#### [How to complete this task]
Please copy each line below that contains the word "symmetric".

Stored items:
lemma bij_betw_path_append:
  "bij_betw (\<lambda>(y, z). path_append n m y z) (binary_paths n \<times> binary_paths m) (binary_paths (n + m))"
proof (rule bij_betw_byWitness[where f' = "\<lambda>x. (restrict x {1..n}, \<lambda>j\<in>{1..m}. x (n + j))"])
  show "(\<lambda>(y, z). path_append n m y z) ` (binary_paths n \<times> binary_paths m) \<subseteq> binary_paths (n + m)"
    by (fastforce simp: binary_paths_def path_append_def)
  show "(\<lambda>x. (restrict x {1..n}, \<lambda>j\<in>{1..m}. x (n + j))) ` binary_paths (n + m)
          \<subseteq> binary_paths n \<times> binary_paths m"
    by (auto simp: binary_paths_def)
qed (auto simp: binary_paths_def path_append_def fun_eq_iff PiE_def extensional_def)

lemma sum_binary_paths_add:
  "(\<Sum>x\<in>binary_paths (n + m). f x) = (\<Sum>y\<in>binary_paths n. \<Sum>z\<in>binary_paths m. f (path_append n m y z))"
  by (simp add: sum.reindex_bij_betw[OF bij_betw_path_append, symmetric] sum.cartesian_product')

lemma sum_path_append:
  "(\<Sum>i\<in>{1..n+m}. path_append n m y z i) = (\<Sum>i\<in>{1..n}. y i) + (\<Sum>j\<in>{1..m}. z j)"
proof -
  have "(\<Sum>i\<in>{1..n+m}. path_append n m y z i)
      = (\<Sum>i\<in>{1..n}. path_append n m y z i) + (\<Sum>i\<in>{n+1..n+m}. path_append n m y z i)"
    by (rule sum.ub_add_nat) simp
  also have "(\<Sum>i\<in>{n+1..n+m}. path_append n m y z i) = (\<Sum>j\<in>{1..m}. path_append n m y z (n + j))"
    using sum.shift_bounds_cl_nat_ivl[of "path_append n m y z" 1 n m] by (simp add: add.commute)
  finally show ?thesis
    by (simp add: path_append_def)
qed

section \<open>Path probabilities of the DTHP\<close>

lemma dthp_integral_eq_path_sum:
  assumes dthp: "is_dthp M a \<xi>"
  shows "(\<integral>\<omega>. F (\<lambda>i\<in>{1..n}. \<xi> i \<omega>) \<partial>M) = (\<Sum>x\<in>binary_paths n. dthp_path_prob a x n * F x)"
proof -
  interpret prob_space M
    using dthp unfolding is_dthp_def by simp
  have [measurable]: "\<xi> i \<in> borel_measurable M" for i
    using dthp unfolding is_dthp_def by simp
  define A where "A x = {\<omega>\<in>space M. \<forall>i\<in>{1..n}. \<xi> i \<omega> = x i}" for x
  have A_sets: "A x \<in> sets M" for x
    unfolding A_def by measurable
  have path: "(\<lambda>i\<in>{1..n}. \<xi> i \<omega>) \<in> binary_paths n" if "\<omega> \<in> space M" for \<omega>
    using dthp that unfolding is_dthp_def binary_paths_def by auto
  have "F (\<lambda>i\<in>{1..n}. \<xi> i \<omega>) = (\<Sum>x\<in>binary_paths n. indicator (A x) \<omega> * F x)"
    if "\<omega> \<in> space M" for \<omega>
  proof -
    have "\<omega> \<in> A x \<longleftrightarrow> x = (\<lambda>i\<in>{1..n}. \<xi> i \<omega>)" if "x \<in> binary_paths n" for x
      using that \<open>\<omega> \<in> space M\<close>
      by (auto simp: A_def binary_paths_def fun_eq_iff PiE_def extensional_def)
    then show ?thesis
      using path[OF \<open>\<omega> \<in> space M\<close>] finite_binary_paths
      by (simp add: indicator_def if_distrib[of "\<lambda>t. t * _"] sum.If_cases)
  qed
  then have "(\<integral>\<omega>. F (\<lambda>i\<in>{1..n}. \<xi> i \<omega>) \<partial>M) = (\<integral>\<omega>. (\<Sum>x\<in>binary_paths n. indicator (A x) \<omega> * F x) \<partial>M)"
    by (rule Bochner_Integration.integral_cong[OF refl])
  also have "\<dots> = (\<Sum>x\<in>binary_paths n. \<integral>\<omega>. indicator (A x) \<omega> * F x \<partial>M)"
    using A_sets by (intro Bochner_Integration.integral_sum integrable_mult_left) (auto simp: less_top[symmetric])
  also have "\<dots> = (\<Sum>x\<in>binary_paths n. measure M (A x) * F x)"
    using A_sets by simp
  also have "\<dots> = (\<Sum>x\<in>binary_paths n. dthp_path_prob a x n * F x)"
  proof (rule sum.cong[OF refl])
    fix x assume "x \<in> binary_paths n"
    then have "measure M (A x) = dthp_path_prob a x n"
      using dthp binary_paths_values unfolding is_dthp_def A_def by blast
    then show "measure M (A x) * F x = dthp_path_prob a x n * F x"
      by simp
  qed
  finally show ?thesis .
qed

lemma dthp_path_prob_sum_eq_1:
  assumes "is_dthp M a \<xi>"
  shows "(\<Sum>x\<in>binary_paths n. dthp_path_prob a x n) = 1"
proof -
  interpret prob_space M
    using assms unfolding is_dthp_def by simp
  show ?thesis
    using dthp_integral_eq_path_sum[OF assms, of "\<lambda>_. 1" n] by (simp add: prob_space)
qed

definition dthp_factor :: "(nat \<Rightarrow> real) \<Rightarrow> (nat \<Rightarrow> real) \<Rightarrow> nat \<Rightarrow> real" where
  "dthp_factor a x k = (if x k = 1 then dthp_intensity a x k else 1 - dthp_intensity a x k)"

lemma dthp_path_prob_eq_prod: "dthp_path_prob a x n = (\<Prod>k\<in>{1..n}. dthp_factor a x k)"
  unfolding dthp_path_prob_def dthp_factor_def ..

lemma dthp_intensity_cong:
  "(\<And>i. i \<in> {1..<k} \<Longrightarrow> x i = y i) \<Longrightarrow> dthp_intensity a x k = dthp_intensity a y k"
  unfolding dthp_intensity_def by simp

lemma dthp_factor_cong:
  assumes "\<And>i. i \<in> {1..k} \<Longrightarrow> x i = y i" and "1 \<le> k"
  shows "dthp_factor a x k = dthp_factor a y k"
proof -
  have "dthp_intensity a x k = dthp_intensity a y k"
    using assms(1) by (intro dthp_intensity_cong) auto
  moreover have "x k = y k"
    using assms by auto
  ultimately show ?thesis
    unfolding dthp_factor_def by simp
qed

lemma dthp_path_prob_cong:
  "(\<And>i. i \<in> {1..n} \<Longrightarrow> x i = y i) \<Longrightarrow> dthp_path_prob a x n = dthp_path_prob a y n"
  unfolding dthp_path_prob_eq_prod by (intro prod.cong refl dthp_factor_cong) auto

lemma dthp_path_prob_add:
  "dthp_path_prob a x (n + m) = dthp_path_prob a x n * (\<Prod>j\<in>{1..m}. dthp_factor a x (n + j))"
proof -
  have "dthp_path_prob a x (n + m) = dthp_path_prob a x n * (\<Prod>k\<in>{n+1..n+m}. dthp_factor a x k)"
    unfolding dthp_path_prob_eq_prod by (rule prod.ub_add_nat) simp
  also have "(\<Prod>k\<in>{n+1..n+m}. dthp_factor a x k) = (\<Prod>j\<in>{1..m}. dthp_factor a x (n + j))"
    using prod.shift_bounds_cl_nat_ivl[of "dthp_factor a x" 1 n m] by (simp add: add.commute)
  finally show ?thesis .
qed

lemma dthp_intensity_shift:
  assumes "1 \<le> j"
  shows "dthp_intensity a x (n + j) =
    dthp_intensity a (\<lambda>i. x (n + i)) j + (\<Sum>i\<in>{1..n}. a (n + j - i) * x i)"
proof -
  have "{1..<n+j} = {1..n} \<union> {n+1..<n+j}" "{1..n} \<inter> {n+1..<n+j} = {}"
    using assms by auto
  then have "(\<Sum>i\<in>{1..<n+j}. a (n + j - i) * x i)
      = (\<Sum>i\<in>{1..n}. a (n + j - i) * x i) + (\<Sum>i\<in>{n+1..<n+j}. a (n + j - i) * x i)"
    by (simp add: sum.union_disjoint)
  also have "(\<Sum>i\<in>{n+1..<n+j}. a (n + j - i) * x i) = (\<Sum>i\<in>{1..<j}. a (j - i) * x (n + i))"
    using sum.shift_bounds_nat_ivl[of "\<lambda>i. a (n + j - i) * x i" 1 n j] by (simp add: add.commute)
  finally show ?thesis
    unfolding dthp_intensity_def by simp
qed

#### [Task result]
  by (simp add: sum.reindex_bij_betw[OF bij_betw_path_append, symmetric] sum.cartesian_product')
    using A_sets by (intro Bochner_Integration.integral_sum integrable_mult_left) (auto simp: less_top[symmetric])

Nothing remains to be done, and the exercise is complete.